Piper perdió el juicio mientras él la besaba y su diestra caricia le despertaba el cuerpo como no lo había hecho nada hasta ese momento. El dolor y la pena del día quedaron olvidados gracias a sus susurros en italiano, que sonaban románticos, pero que no podía entenderlos ni mucho menos.

Su abrazo hacía que se sintiera querida, deseada y necesitada por primera vez desde hacía muchos meses. En ese momento, no podía pensar qué iba a pasar después. No quería hacer frente al vacío, solo quería dejarse llevar por ese hombre y su pasión, rendirse a sus besos y entregarse plenamente al momento… y a él.

Contuvo la respiración con frustración cuando dejó de besarla, se apartó y la miró con esos pecaminosos ojos color caramelo rebosantes de deseo. Estimulada, le sonrió sin poder disimular el anhelo que estaba dominándola por dentro. Ningún hombre la había deseado y, desde luego, nunca la habían besado como él acababa de besarla, pero, sobre todo, era como deseaba que la besara una y otra vez.

Ese hombre era un amante avezado y, a juzgar por cómo la miraba, con una avidez que vibraba en la semioscuridad de la habitación del hotel, ella sabía que no había marcha atrás… ni la quería. La atracción entre ellos había sido intensa y abrasadora desde antes de que él le propusiera que se marcharan de la fiesta.

Esa noche se entregaría a ese hombre, pero sabía muy bien que no había nada después.
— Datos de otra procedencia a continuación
lemma nth_zero_reverse_walk:
  assumes "motzkin_word a" "set a \<subseteq> {-1, 0, 1}"
  shows "(reverse_walk a @ q) ! 0 = 1"
proof -
  have "a \<noteq> []"
    using assms(1) by (rule motzkin_word_not_Nil)
  then have "take 1 (reverse_walk a) = [reverse_walk a ! 0]" "reverse_walk a ! 0 \<in> set (reverse_walk a)"
    by (simp_all add: take_Suc_conv_app_nth)
  moreover have "1 \<le> sum_list (take 1 (reverse_walk a))"
    using sum_take_reverse_walk_pos[OF assms(1), of 1] \<open>a \<noteq> []\<close> by (simp add: Suc_le_eq)
  ultimately show ?thesis
    using assms(2) \<open>a \<noteq> []\<close> by (auto simp: set_reverse_walk nth_append)
qed

lemma motzkin_word_arch_decomposition:
  assumes p: "motzkin_word p" "set p \<subseteq> {-1, 0, 1}" "p ! 0 = 1"
  shows "\<exists>a b. p = reverse_walk a @ (-1) # b \<and> motzkin_word a"
proof -
  define k where "k = first_return p"
  have "p \<noteq> []"
    using p(1) by (rule motzkin_word_not_Nil)
  then have witness: "0 < length p \<and> sum_list (take (length p) p) \<le> 0"
    using p(1) by (simp add: motzkin_word_def)
  have k: "0 < k" "sum_list (take k p) \<le> 0" "k \<le> length p"
    using LeastI[of "\<lambda>j. 0 < j \<and> sum_list (take j p) \<le> 0", OF witness]
      Least_le[of "\<lambda>j. 0 < j \<and> sum_list (take j p) \<le> 0", OF witness]
    by (simp_all add: k_def first_return_def)
  have before: "1 \<le> sum_list (take j p)" if "0 < j" "j < k" for j
    using not_less_Least[of j "\<lambda>j. 0 < j \<and> sum_list (take j p) \<le> 0"] that
    by (simp add: k_def first_return_def)
  have "sum_list (take 1 p) = 1"
    using \<open>p \<noteq> []\<close> p(3) by (simp add: take_Suc_conv_app_nth)
  with k have "1 < k"
    by (cases "k = 1") auto
  define r where "r = take (k - 1) p"
  have "k - 1 < length p"
    using k by simp
  then have step: "take k p = r @ [p ! (k - 1)]" "p ! (k - 1) \<in> {-1, 0, 1}"
    using k(1) p(2) nth_mem by (auto simp: r_def take_Suc_conv_app_nth[symmetric] simp del: One_nat_def)
  have "1 \<le> sum_list r"
    using before[of "k - 1"] \<open>1 < k\<close> by (simp add: r_def)
  with k(2) step have r_sum: "sum_list r = 1" and down: "p ! (k - 1) = -1"
    by auto
  have "\<forall>j \<in> {1..length r}. 1 \<le> sum_list (take j r)"
    using before k by (auto simp: r_def)
  with r_sum have "motzkin_word (reverse_walk r)"
    by (simp add: motzkin_word_reverse_walk_iff)
  moreover have "p = reverse_walk (reverse_walk r) @ (-1) # drop k p"
    using id_take_nth_drop[of "k - 1" p] k \<open>1 < k\<close> down by (simp add: r_def Suc_diff_1)
  ultimately show ?thesis
    by blast
qed

section \<open>Motzkin paths labelled by a finite set\<close>

definition labelled_motzkin :: "nat set \<Rightarrow> (int list \<times> nat list) set" where
  "labelled_motzkin S = {(p, \<sigma>). set p \<subseteq> {-1, 0, 1} \<and> motzkin_word p \<and>
     length \<sigma> = Suc (length p) \<and> distinct \<sigma> \<and> set \<sigma> = S \<and> well_labelled p \<sigma>}"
Quizá fuese una mujer inocente que iba a descubrir el placer de las caricias de un hombre, pero sabía que no podía esperar nada más. Había trabajado de camarera en muchas fiestas de la alta sociedad de Sídney y de Londres y había sabido que era un playboy, un hombre que quería pasar una noche de pasión sin compromiso, que amaba y abandonaba a las mujeres. Esa noche le daba igual el sueño de sentar la cabeza con el hombre adecuado, esa noche quería el hombre peligroso, quería sofocar el dolor con la pasión que ni siquiera ella podía negar, que había brotado entre ellos desde que sus miradas se encontraron cuando él había llegado a la fiesta. Había sido como una descarga eléctrica, como si estuviesen destinados a estar juntos, atrapados en una pasión que iba a cambiarle la vida, aunque no sabía cómo. Solo sabía que era un momento que tenía que aprovechar.

Él le pasó un pulgar por la mejilla y ella cerró los ojos cuando las rodillas empezaron a flaquearle. La estrechó contra su pétreo cuerpo y su cuerpo virginal palpitó con un deseo tan insaciable que fue como si el desenlace del beso estuviese decidido, como lo estaba su destino.

–Antes de que sigamos, ¿necesitamos protección?

Oyó su voz ronca y con un acento muy fuerte, pero estaba tan aturdida por el deseo que no podía pensar con claridad.

–¿Protección…?

Lo preguntó con un susurro tan seductor que ni siquiera le pareció su voz. ¿Cómo era posible que la mujer tímida y sensata que solía ser se hubiese convertido en una seductora como esa?

–Pienso hacerte el amor.

Él se quitó la chaqueta del traje de una manera tan insinuante que el corazón se le desbocó. Cualquier atisbo de sensatez se esfumó mientras observaba cómo se daba la vuelta y la dejaba en una silla. Su camisa blanca resplandecía en la penumbra y ella se estremeció cuando él se acercó. Estaba aterrada y apasionada por lo que iba a pasar después. Volvió a abrazarla y besarla con una lentitud deliberada. Entonces, una mano descendió por el cuello y el hombro y le bajó el tirante del vestido. Dejó caer la cabeza hacia atrás cuando sus labios siguieron el rastro ardiente que le había dejado la mano.

–Solucionado…

Piper consiguió decirlo mientras la besaba por el cuello y no podía pensar porque cada beso le avivaba las llamas que ya sentía por dentro.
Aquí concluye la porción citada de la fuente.